Город Псков, Ленинградская область, РСФСР
Каменное двухэтажное здание под номером 7, выходящее торцом на улицу Советская, бывшую Великолуцкую, было выстроено архитектором Иваном Ивановичем Альбрехтом для статского советника Брылкина, где тот и проживал некоторое время со своей супругой и тремя детьми. Дом неоднократно перестраивался и к тому времени, когда его занял Псковский почтамт, был исполнен в чисто классическом стиле. Над цоколем с окнами-бойницами возвышался парадный этаж с балконом и высокими окнами со сдержанной отделкой.

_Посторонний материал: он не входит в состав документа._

(* For every integer $k\ge1$, $N(2k+4,k)=2$ if $3\mid k$ and $N(2k+4,k)=0$ if $3\nmid k$.
   Context: For $n>k\ge1$, $N(n,k)$ is the nullity of the $n\times n$ skew-symmetric Toeplitz matrix $A(n,k)$ whose first $k$ superdiagonals have all entries $1$ and whose remaining superdiagonals have all entries $0$. *)

theory Defs
  imports Complex_Main "Jordan_Normal_Form.Matrix_Kernel"
begin

definition skewA :: "nat \<Rightarrow> nat \<Rightarrow> real mat" where
  "skewA n k = mat n n (\<lambda>(i, j).
      if i < j \<and> j - i \<le> k then 1
      else if j < i \<and> i - j \<le> k then -1
      else 0)"

definition nullityN :: "nat \<Rightarrow> nat \<Rightarrow> nat" where
  "nullityN n k = kernel_dim (skewA n k)"

end

theory Submission
  imports Defs
begin

text \<open>A kernel vector f of A(n,k), extended by zeros, satisfies row 0, f 1 + ... + f k = 0, and
the difference of rows i+1 and i, f (i+k+1) + f (i-k) = f i + f (i+1) (the term f (i-k) being
absent for i < k); in particular f is determined by f 0, ..., f k. For n = 2k+4 and k \<ge> 3,
using this recurrence twice and the vanishing of f beyond 2k+3 gives
f m + f (m+1) + f (m+2) = 0 for 2 \<le> m \<le> k-2, so f is 3-periodic on 2..k with the two free
parameters f 2, f 3, while the equations at the top end tie f 0, f 1, f (k-1), f k to them.
If 3 does not divide k these constraints force f = 0; if it does, every choice of f 2, f 3
extends to an explicit kernel vector, so the nullity is 2. For k = 1, 2 the system is small
enough to solve directly.\<close>

context kernel
begin

lemma dim_eq_0_if_trivial:
  assumes "mat_kernel A = {0\<^sub>v nc}"
  shows "dim = 0"
proof -
  have "Ker.gen_set {}"
    using assms Ker.span_empty by simp
  then show ?thesis
    using Ker.gen_ge_dim[of "{}"] by simp
qed

lemma dim_eq_2_if_spanned_by_pair:
  assumes ker: "mat_kernel A = {a \<cdot>\<^sub>v u + b \<cdot>\<^sub>v w | a b. True}"
    and u: "u \<in> carrier_vec nc" and w: "w \<in> carrier_vec nc"
    and indep: "\<And>a b. a \<cdot>\<^sub>v u + b \<cdot>\<^sub>v w = 0\<^sub>v nc \<Longrightarrow> a = 0 \<and> b = 0"
  shows "dim = 2"
proof -
  have "u = 1 \<cdot>\<^sub>v u + 0 \<cdot>\<^sub>v w" "w = 0 \<cdot>\<^sub>v u + 1 \<cdot>\<^sub>v w"
    using u w by auto
  then have in_ker: "u \<in> mat_kernel A" "w \<in> mat_kernel A"
    unfolding ker by (metis (mono_tags, lifting) mem_Collect_eq)+
  have "u \<noteq> w"
  proof
    assume "u = w"
    then have "1 \<cdot>\<^sub>v u + (-1) \<cdot>\<^sub>v w = 0\<^sub>v nc"
      using w by auto
    then show False
      using indep[of 1 "-1"] by simp
  qed
  have lincomb: "lincomb c {u, w} = c u \<cdot>\<^sub>v u + c w \<cdot>\<^sub>v w" for c
    using \<open>u \<noteq> w\<close> in_ker u w by (simp add: Ker.lincomb_insert2)
  have "lin_indpt {u, w}"
  proof (rule Ker.finite_lin_indpt2)
    fix c
    assume "lincomb c {u, w} = 0\<^sub>v nc"
    then show "\<forall>v\<in>{u, w}. c v = 0"
      using indep[of "c u" "c w"] by (simp add: lincomb)
  qed (use in_ker in auto)
  moreover have "span {u, w} = mat_kernel A"
  proof
    show "span {u, w} \<subseteq> mat_kernel A"
      using in_ker by (intro Ker.span_is_subset2) auto
    show "mat_kernel A \<subseteq> span {u, w}"
    proof
      fix v
      assume "v \<in> mat_kernel A"
      then obtain a b where "v = a \<cdot>\<^sub>v u + b \<cdot>\<^sub>v w"
        unfolding ker by blast
      then have "v = lincomb (\<lambda>x. if x = u then a else b) {u, w}"
        using \<open>u \<noteq> w\<close> by (simp add: lincomb)
      then show "v \<in> span {u, w}"
        unfolding Ker.span_def by blast
    qed
  qed
  ultimately have "basis {u, w}"
    using in_ker unfolding Ker.basis_def by auto
  then have "dim = card {u, w}"
    by (intro Ker.dim_basis) auto
  then show ?thesis
    using \<open>u \<noteq> w\<close> by simp
qed

end

definition vec_seq :: "'a::zero vec \<Rightarrow> nat \<Rightarrow> 'a" where
  "vec_seq v j = (if j < dim_vec v then v $ j else 0)"

lemma vec_seq_vec: "(\<And>j. n \<le> j \<Longrightarrow> f j = 0) \<Longrightarrow> vec_seq (vec n f) = f"
  by (auto simp: vec_seq_def fun_eq_iff)
theorem mainTheorem7:
  fixes X :: "'a set" and R :: "'a set \<Rightarrow> 'a set \<Rightarrow> bool"
  assumes iota0: "\<not> R {} {}"
    and iota1: "\<And>a b a' b'. finite a' \<Longrightarrow> finite b' \<Longrightarrow> a' \<subseteq> X \<Longrightarrow> b' \<subseteq> X \<Longrightarrow>
                  R a b \<Longrightarrow> a \<subseteq> a' \<Longrightarrow> b \<subseteq> b' \<Longrightarrow> R a' b'"
    and iota2: "\<And>p q. p \<in> X \<Longrightarrow> q \<in> X \<Longrightarrow> (R {p} {q} \<and> R {q} {p} \<longleftrightarrow> p = q)"
    and iota3: "\<And>a0 b0 a1 b1 p. finite a0 \<Longrightarrow> finite b0 \<Longrightarrow> finite a1 \<Longrightarrow> finite b1 \<Longrightarrow>
                  a0 \<subseteq> X \<Longrightarrow> b0 \<subseteq> X \<Longrightarrow> a1 \<subseteq> X \<Longrightarrow> b1 \<subseteq> X \<Longrightarrow> p \<in> X \<Longrightarrow>
                  R (a0 \<union> {p}) b0 \<Longrightarrow> R a1 (b1 \<union> {p}) \<Longrightarrow> R (a0 \<union> a1) (b0 \<union> b1)"
  shows "I_separated X (\<lambda>s t. R (set s) (set t))"
proof -
  interpret sequent_relation X R
  proof
    show "R {p} {p}" if "p \<in> X" for p
      using iota2[OF that that] by simp
  qed (fact iota1 iota3)+
  define K where "K = {k. I_hom_indicator X R k}"
  have R_iff: "R a b \<longleftrightarrow> (\<forall>k\<in>K. a \<subseteq> k \<longrightarrow> b \<inter> k \<noteq> {})"
    if "finite a" "finite b" "a \<subseteq> X" "b \<subseteq> X" for a b
    using R_iff_I_hom_indicators[OF that] by (simp add: K_def)
  have "embeds_in_I_power X (\<lambda>s t. R (set s) (set t)) K (\<lambda>x k. x \<in> k)"
    unfolding embeds_in_I_power_def I_rel_map_indicator
  proof (intro conjI ballI allI impI)
    fix x y assume "x \<in> X" "y \<in> X" and "\<forall>k\<in>K. (x \<in> k) = (y \<in> k)"
    then have "R {x} {y}" "R {y} {x}"
      using R_iff[of "{x}" "{y}"] R_iff[of "{y}" "{x}"] by auto
    with iota2[OF \<open>x \<in> X\<close> \<open>y \<in> X\<close>] show "x = y"
      by blast
  qed (simp add: R_iff)
  then show ?thesis
    unfolding I_separated_def by blast
qed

Треугольный фронтон с двумя женскими фигурами в обрамлении цветочного орнамента и изящные балкончики привносили в его облик долю буржуазного кокетства.
Справа от почтамта, между ним и Домом Красной Армии, были видны остатки постамента памятника Александру Второму Освободителю, снесённого революционным народом в 1919 году, а слева стояли здание бывшего Коммерческого банка, которое теперь занимала типография «Псковский набат», и Центральные торговые ряды, в которых до революции держал музыкальный магазин Абель Абрамович Зильбер, отец известного советского писателя Вениамина Каверина, одного из авторов недавно нашумевшего романа «Большие пожары».

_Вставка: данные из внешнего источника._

text \<open>In every G-orbit of pieces choose a reference piece with a base point, and let the
  height of z be the distance from that base point to the orbit of z; it is G-invariant and
  1-Lipschitz. The points of a reference piece at distance at most n + 1 from the base point
  and of height at least n form a compact set, so finitely many balls, each of radius at most
  half the orbit gap of its centre, cover it. The G-translates of all these balls form the
  cover: such a ball is moved either onto itself or off itself, and near a point z only
  translates of balls whose centres have height below height z + 1 occur. These are finitely
  many centres, each with finitely many translates near z because orbits are discrete and the
  pieces are proper.\<close>

lemma (in Metric_space) compactin_finite_mball_cover:
  assumes K: "compactin mtopology K" and "\<And>y. y \<in> K \<Longrightarrow> r y > 0"
  shows "\<exists>F \<subseteq> K. finite F \<and> K \<subseteq> (\<Union>y\<in>F. mball y (r y))"
proof -
  have "K \<subseteq> M" using K compactin_subset_topspace by fastforce
  then have cover: "K \<subseteq> \<Union>((\<lambda>y. mball y (r y)) ` K)" using assms(2) by force
  have "\<And>U. U \<in> (\<lambda>y. mball y (r y)) ` K \<Longrightarrow> openin mtopology U" by blast
  from compactinD[OF K this cover]
  obtain \<F> where "finite \<F>" "\<F> \<subseteq> (\<lambda>y. mball y (r y)) ` K" "K \<subseteq> \<Union>\<F>" by blast
  moreover from finite_subset_image[OF this(1,2)]
  obtain F where "F \<subseteq> K" "finite F" "\<F> = (\<lambda>y. mball y (r y)) ` F" by blast
  ultimately show ?thesis by blast
qed

lemma (in Metric_space) finite_separated_subset_compactin:
  assumes K: "compactin mtopology K" and "E \<subseteq> K" and "e > 0"
    and separated: "\<And>a b. a \<in> E \<Longrightarrow> b \<in> E \<Longrightarrow> d a b < e \<Longrightarrow> a = b"
  shows "finite E"
proof -
  obtain F where F: "F \<subseteq> K" "finite F" "K \<subseteq> (\<Union>x\<in>F. mball x (e/2))"
    using compactin_finite_mball_cover[OF K, of "\<lambda>_. e/2"] \<open>e > 0\<close> by auto
  have "\<exists>x\<in>F. a \<in> mball x (e/2)" if "a \<in> E" for a using that \<open>E \<subseteq> K\<close> F(3) by blast
  then obtain c where c: "\<And>a. a \<in> E \<Longrightarrow> c a \<in> F \<and> a \<in> mball (c a) (e/2)" by metis
  have "inj_on c E"
  proof (rule inj_onI)
    fix a b assume a: "a \<in> E" and b: "b \<in> E" and "c a = c b"
    with c have "d (c a) a < e/2" "d (c a) b < e/2" "c a \<in> M" "a \<in> M" "b \<in> M" by fastforce+
    then have "d a b < e" using triangle''[of a "c a" b] by linarith
    then show "a = b" using separated a b by blast
  qed
  moreover have "c ` E \<subseteq> F" using c by blast
  ultimately show ?thesis using F(2) finite_imageD finite_subset by blast
qed

lemma (in Metric_space) closedin_superlevel_set:
  assumes "\<And>x y. x \<in> M \<Longrightarrow> y \<in> M \<Longrightarrow> h x \<le> h y + d x y"
  shows "closedin mtopology {x \<in> M. c \<le> h x}"
proof -
  have "mball y (c - h y) \<subseteq> M - {x \<in> M. c \<le> h x}" if "y \<in> M" for y
    using assms[OF _ that] commute by fastforce
  then have "openin mtopology (M - {x \<in> M. c \<le> h x})"
    unfolding openin_mtopology
    by (metis (no_types, lifting) Diff_iff diff_gt_0_iff_gt mem_Collect_eq not_le subset_iff)
  then show ?thesis by (simp add: closedin_def)
qed

locale metric_union =
  fixes P :: "'a set set" and d :: "'a \<Rightarrow> 'a \<Rightarrow> real"
  assumes metric_piece: "p \<in> P \<Longrightarrow> Metric_space p d"
    and disjoint_pieces: "disjoint P"
begin

lemma same_piece_sym: "same_piece P x y \<Longrightarrow> same_piece P y x"
  by (auto simp: same_piece_def)

lemma mem_piece_if_same_piece: "p \<in> P \<Longrightarrow> x \<in> p \<Longrightarrow> same_piece P x y \<Longrightarrow> y \<in> p"
  using disjoint_pieces unfolding same_piece_def disjoint_def by blast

Советская власть занималась переименованием улиц, городов и даже стран масштабно; буквально за десять лет географический облик Пскова изменился, улицу Спасскую переименовали в Детскую, Успенскую в Калинина, а Великолуцкую, на которой стоял почтамт, в Советскую. Заодно прежнее булыжное покрытие с некоторых улиц убрали, для предстоящего ремонта, а другие, при самодержавии – непролазные, наоборот, замостили.
В половине седьмого вечера пятницы, тринадцатого апреля в дверях Псковского почтамта появился молодой человек высокого роста и могучего телосложения, в кожаной куртке с барашковым воротником и брюках, заправленных в высокие кожаные ботинки, в руках он держал потёртый кожаный портфель. Молодой человек коротко кивнул часовому в потёртой шинели и видавшей виды будёновке, спустился по ступеням. Следом за ним вышла молодая женщина в заячьем полушубке, фетровой шляпке и с брезентовой сумкой через плечо. Она зябко повела плечами – погода в середине апреля стояла мартовская, ночью морозы опускались до минус десяти по Цельсию, или до минус восьми по дореволюционному Реомюру.
– Значит, до вторника, Сергей Олегович?
– До вторника, Глаша. Отдыхай, набирайся сил.
– Куда уж, – Глаша похлопала по сумке, – ещё девять писем, четыре газеты и три журнала, сегодня уже не понесу, а завтра, перед Пасхой, отдам, тогда и отдохну. В городе будете али куда уедете?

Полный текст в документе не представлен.